lemma scaleR_orthogonal_conj:
  fixes Q :: "real^'n^'n"
  shows "k *\<^sub>R (Q ** diag_mat a ** transpose Q) = Q ** diag_mat (\<chi> i. k * a$i) ** transpose Q"
  by (simp add: scalar_matrix_assoc matrix_scalar_ac scaleR_diag_mat[symmetric])

lemma scaleR_mat_1_orthogonal_conj:
  fixes Q :: "real^'n^'n"
  assumes "orthogonal_matrix Q"
  shows "k *\<^sub>R mat 1 = Q ** diag_mat (\<chi> i. k) ** transpose Q"
proof -
  have "Q ** diag_mat (\<chi> i. 1) ** transpose Q = mat 1"
    using assms by (simp only: diag_mat_const scaleR_one matrix_mul_rid orthogonal_matrix_mul_transpose)
  then show ?thesis using scaleR_orthogonal_conj[of k Q "\<chi> i. 1"] by simp
qed

lemma orthogonal_conj_add:
  fixes Q :: "real^'n^'n"
  shows "Q ** diag_mat a ** transpose Q + Q ** diag_mat b ** transpose Q
    = Q ** diag_mat (\<chi> i. a$i + b$i) ** transpose Q"
  by (simp only: diag_mat_add[symmetric] matrix_add_ldistrib matrix_add_rdistrib)

lemma transpose_orthogonal_conj [simp]:
  "transpose (Q ** diag_mat a ** transpose Q) = Q ** diag_mat a ** transpose Q"
  by (simp only: matrix_transpose_mul transpose_transpose transpose_diag_mat matrix_mul_assoc)

lemma orthogonal_conj_mult_vec:
  fixes Q :: "real^'n^'n"
  assumes "orthogonal_matrix Q"
  shows "(Q ** diag_mat a ** transpose Q) *v (Q *v y) = Q *v (diag_mat a *v y)"
proof -
  have "(Q ** diag_mat a ** transpose Q) ** Q = Q ** diag_mat a"
    using assms by (simp only: matrix_mul_assoc[symmetric] orthogonal_matrix_mul_transpose matrix_mul_rid)
  then show ?thesis by (simp only: matrix_vector_mul_assoc)
qed

lemma matrix_inv_orthogonal_conj:
  fixes Q :: "real^'n^'n"
  assumes Q: "orthogonal_matrix Q" and a: "\<And>i. a$i \<noteq> 0"
  shows "matrix_inv (Q ** diag_mat a ** transpose Q) = Q ** diag_mat (\<chi> i. 1 / a$i) ** transpose Q"
proof (rule matrix_inv_unique)
  have "(\<chi> i. a $ i * (\<chi> i. 1 / a$i) $ i) = (\<chi> i. 1)" "(\<chi> i. (\<chi> i. 1 / a$i) $ i * a $ i) = (\<chi> i. 1)"
    using a by (simp_all add: vec_eq_iff)
  then show "Q ** diag_mat a ** transpose Q ** (Q ** diag_mat (\<chi> i. 1 / a$i) ** transpose Q) = mat 1"
    and "Q ** diag_mat (\<chi> i. 1 / a$i) ** transpose Q ** (Q ** diag_mat a ** transpose Q) = mat 1"
    using scaleR_mat_1_orthogonal_conj[OF Q, of 1] by (simp_all add: orthogonal_conj_mul[OF Q])
qed

lemma spd_orthogonal_conj_pos:
  fixes Q :: "real^'n^'n"
  assumes Q: "orthogonal_matrix Q" and s: "spd (Q ** diag_mat a ** transpose Q)"
  shows "a $ i > 0"
proof -
  define e :: "real^'n" where "e = axis i 1"
  have "Q *v e \<noteq> 0"
  proof
    assume "Q *v e = 0"
    then have "transpose Q *v (Q *v e) = 0" by simp
    then have "e = 0" using Q by (simp add: matrix_vector_mul_assoc orthogonal_matrix_mul_transpose
        del: transpose_matrix_vector)
    then show False unfolding e_def by (simp add: axis_eq_0_iff)
  qed
  then have "(Q *v e) \<bullet> ((Q ** diag_mat a ** transpose Q) *v (Q *v e)) > 0"
    using s unfolding spd_def by blast
  also have "(Q *v e) \<bullet> ((Q ** diag_mat a ** transpose Q) *v (Q *v e)) = e \<bullet> (diag_mat a *v e)"
    by (simp add: orthogonal_conj_mult_vec[OF Q] inner_orthogonal_matrix_mult_vec[OF Q])
  also have "\<dots> = a $ i" by (simp add: e_def inner_axis' diag_mat_mult_vec)
  finally show ?thesis .
qed

lemma spd_diagonalization:
  fixes B :: "real^'n^'n"
  assumes "spd B"
  obtains Q b where "orthogonal_matrix Q" "\<And>i. b$i > 0" "B = Q ** diag_mat b ** transpose Q"
proof -
  obtain Q b where Q: "orthogonal_matrix Q" "B = Q ** diag_mat b ** transpose Q"
    using symmetric_matrix_diagonalization assms unfolding spd_def by blast
  have "\<And>i. b$i > 0" using spd_orthogonal_conj_pos[OF Q(1)] assms Q(2) by blast
  then show ?thesis by (rule that[OF Q(1) _ Q(2)])
qed

lemma spd_det_pos:
  fixes B :: "real^'n^'n"
  assumes "spd B" shows "det B > 0"
proof -
  obtain Q b where "orthogonal_matrix Q" "\<And>i. b$i > 0" "B = Q ** diag_mat b ** transpose Q"
    using spd_diagonalization[OF assms] by blast
  then show ?thesis by (simp add: det_orthogonal_conj prod_pos)
qed

lemma spd_matrix_inv:
  fixes X :: "real^'n^'n"
  assumes "spd X"
  shows "X ** matrix_inv X = mat 1" "matrix_inv X ** X = mat 1"
proof -
  obtain Q b where Q: "orthogonal_matrix Q" and b: "\<And>i. b$i > 0" and X: "X = Q ** diag_mat b ** transpose Q"
    using spd_diagonalization[OF assms] by blast
  have "(\<chi> i. b $ i * (\<chi> i. 1 / b$i) $ i) = (\<chi> i. 1)" "(\<chi> i. (\<chi> i. 1 / b$i) $ i * b $ i) = (\<chi> i. 1)"
    using b by (simp_all add: vec_eq_iff less_imp_neq[symmetric])
  then show "X ** matrix_inv X = mat 1" "matrix_inv X ** X = mat 1"
    unfolding X using b scaleR_mat_1_orthogonal_conj[OF Q, of 1]
    by (simp_all add: matrix_inv_orthogonal_conj[OF Q] orthogonal_conj_mul[OF Q] less_imp_neq[symmetric])
qed

lemma spd_scaleR:
  fixes X :: "real^'n^'n"
  assumes "spd X" "k > 0"
  shows "spd (k *\<^sub>R X)"
  using assms unfolding spd_def by (simp add: transpose_scalar scaleR_matrix_vector_assoc[symmetric])

lemma spd_mat_1: "spd (mat 1 :: real^'n^'n)"
  unfolding spd_def by simp

lemma matrix_inv_scaleR:
  fixes X :: "real^'n^'n"
  assumes "spd X" "k \<noteq> 0"
  shows "matrix_inv (k *\<^sub>R X) = (1 / k) *\<^sub>R matrix_inv X"
  by (rule matrix_inv_unique) (use spd_matrix_inv[OF assms(1)] assms(2) in \<open>simp_all add: scaleR_matrix_mul_scaleR\<close>)

lemma matrix_inv_scaleR_mat_1:
  "c \<noteq> 0 \<Longrightarrow> matrix_inv (c *\<^sub>R (mat 1 :: real^'n^'n)) = (1 / c) *\<^sub>R mat 1"
  by (rule matrix_inv_unique) (simp_all add: scaleR_matrix_mul_scaleR)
◆ ◆ ◆ ◆ ◆
Exercise requirements
Only the number is wanted: how many lines of these entries contain the string "bullet"?

Answer for this exercise
2